I’m playing Devil’s Advocate a bit here. This code fragment in isolation isn’t a smoking gun, though suspicious. As other blog comments say or imply, it needs to be set clearly in context. Was this code actually run in producing the deceptive output? When? Is it just test code? What is the meaning of the fudge factors (e.g. definite intent to mis-lead; or reasonable calibration). Was the code repeatedly re-run with different fudge factors with until it converged on a desired result? Is it just somebody playing around with an idea? Is it something left over from a “sand-pit” (i.e. experimental non-production code not intended for release) which, perhaps, got “left in” accidentally in later versions? This is the sort of thing for investigators to ferret out by tracing builds and deliveries: you can’t work this out just by looking at snippets of code or even whole programs, and it would be easy, given the current hysteria, to leap to unwarranted conclusions.
Just a summary, the code was commented in the fragment posted in the middle of this thread. It has been noted by others that it was used in other runs. Burch also noted that it was used in another area. As a note, when I spend a lot of time on a piece of code, I may save it in comments in the file. The really dumb part of this is commenting the use of the adjustment, but not commenting the code to generate it. If you don’t use the calculation, normally you comment it out too as it waste cpu cycles and storage. Only if you plan to use it elsewhere would you leave it running. hmm.
To address – “translate to VB… it would be just as obscure.” Arrays in VB can be even funkier, so it would not do any good, especially without the code for Interpol().
The Fudge Factor… this was done with the adjustment hard coded . Each element in the array is statically defined. It is 0 for the first 5, dips for the next 4, then jumps up steeply.
=[0.,0.,0.,0.,0.,-0.1,-0.25,-0.3,0.,-0.1,0.3,0.8,1.2,1.7,2.5,2.6,2.6,2.6,2.6,2.6]*0.75
The multiplier lets the coder have one number to change to change the slope of the adjustment. *1.0, steeper, *.5 shallower. You can see the results by changing it. A real developer would have used a variable and that way would not have to scroll into the code to change it (just change the decl in the header or definition file.)
Nice post, Burch (07:44:25)!
The fact that adding the “fudge” is done in additional places makes it even more suspicious.
While the curve of the adjustments does correspond to the shape of Mann Hockey Stick, that is an incorrect comparison.

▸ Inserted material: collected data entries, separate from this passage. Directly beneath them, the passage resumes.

(* Let $r,n,k$ be positive integers with $k\geq 2$, $n\in F_r$, and $\omega(n)\geq k$. Then $Q_{k-1}(n)>\lambda_k(r)\,(P_k(n)-r)$.
   Context: For a positive integer $r$, $S_r$ is the multiplicative arithmetic function with $S_r(p^{\alpha})=0$ if $p\leq r$ and $S_r(p^{\alpha})=p^{\alpha-1}(p-r)$ if $p>r$, for all primes $p$ and positive integers $\alpha$. $B_r=\{n\in\mathbb{N}: S_r(n)>0\}$ (positive integers whose smallest prime factor exceeds $r$, together with $1$). $F_r$ is the set of $n\in B_r$ such that $S_r(n)<S_r(m)$ for all $m\in B_r$ with $m>n$. $\omega(n)$ is the number of distinct prime factors of $n$. $P_k(n)$ is the $k$-th largest prime divisor of $n$, and $Q_k(n)$ is the $k$-th smallest prime that is larger than $r$ and does not divide $n$. $r\#$ is the product of all primes $\leq r$ (with $1\#=1$). The Jacobsthal function $J(m)$ is the smallest positive integer $a$ such that every set of $a$ consecutive integers contains an element coprime to $m$; $J_r=J(r\#)$. $\lambda_k(r)$ is the unique positive real root of $\frac{J_r}{r}x^k+kx-(k-1)$. *)

theory Defs
  imports Complex_Main "HOL-Computational_Algebra.Primes" "HOL-Library.Infinite_Set"
begin

definition S :: "nat \<Rightarrow> nat \<Rightarrow> int" where
  "S r n = (\<Prod>p\<in>prime_factors n.
      if p \<le> r then 0 else int p ^ (multiplicity p n - 1) * (int p - int r))"

definition B :: "nat \<Rightarrow> nat set" where
  "B r = {n. n > 0 \<and> S r n > 0}"

definition F :: "nat \<Rightarrow> nat set" where
  "F r = {n \<in> B r. \<forall>m \<in> B r. m > n \<longrightarrow> S r n < S r m}"

definition omega :: "nat \<Rightarrow> nat" where
  "omega n = card (prime_factors n)"

definition P :: "nat \<Rightarrow> nat \<Rightarrow> nat" where
  "P k n = rev (sorted_list_of_set (prime_factors n)) ! (k - 1)"

text \<open>k-th smallest prime larger than r not dividing n (k \<ge> 1); enumerate is 0-indexed.\<close>
definition Q :: "nat \<Rightarrow> nat \<Rightarrow> nat \<Rightarrow> nat" where
  "Q r k n = enumerate {p. prime p \<and> p > r \<and> \<not> p dvd n} (k - 1)"

definition primorial :: "nat \<Rightarrow> nat" where
  "primorial r = \<Prod>{p. prime p \<and> p \<le> r}"

definition jacobsthal :: "nat \<Rightarrow> nat" where
  "jacobsthal m = (LEAST a. a > 0 \<and> (\<forall>x::int. \<exists>i<a. coprime (x + int i) (int m)))"

definition Jr :: "nat \<Rightarrow> nat" where
  "Jr r = jacobsthal (primorial r)"

definition lambda :: "nat \<Rightarrow> nat \<Rightarrow> real" where
  "lambda k r = (THE x. x > 0 \<and>
     real (Jr r) / real r * x ^ k + real k * x - (real k - 1) = 0)"

end

(* Suppose Q_{k-1}(n) <= lambda_k(r) (P_k(n) - r). Let Ps be the k largest prime factors of n and
   Qs the k-1 smallest primes above r not dividing n. Then every q in Qs is at most lambda_k(r)
   times the gap P_k(n) - r, and the equation defining lambda_k(r) makes the interval
   (prod Ps / prod Qs, prod (p - r) / prod (q - r)] at least J_r long, so it contains an integer c
   coprime to r#. The number m = n c prod Qs / prod Ps then exceeds n and lies in B_r, while
   S_r(m) <= S_r(n) c prod (q - r) / prod (p - r) <= S_r(n), contradicting n in F_r. *)

theory Submission
  imports Defs
begin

The adjustment code shown appears to adjust smoothed temperatures from the 1930s onwards, not from hundreds of years ago.
Thus, this article is misleading.
No one yet knows the reason this code fragment exists (or similar code fragments in other files). The fragment raises good questions – but does not yet give a definitive answer.
Please be cautious in interpretation.
(I am also a s/w engineer.)
Just a general comment on the code and comments from various links above.
I saw the numbers in the Excel file for grant dollars. If this crap data was in such a state, why the heck did they not use some of the grant money to hire a grad student, even in Computer Sciences, to get them a real database? They could have created a SQL database from all these crap flat files and made life so much easier. Guess I have been in the corporate enterprise world too long and just do not understand acedemia at all. It does not address the raw data issue, but it could have preserved it and made it easier. sigh.
My great fear is that the investigation at UEA will focus on who got the files out and not on the conduct of the “team”.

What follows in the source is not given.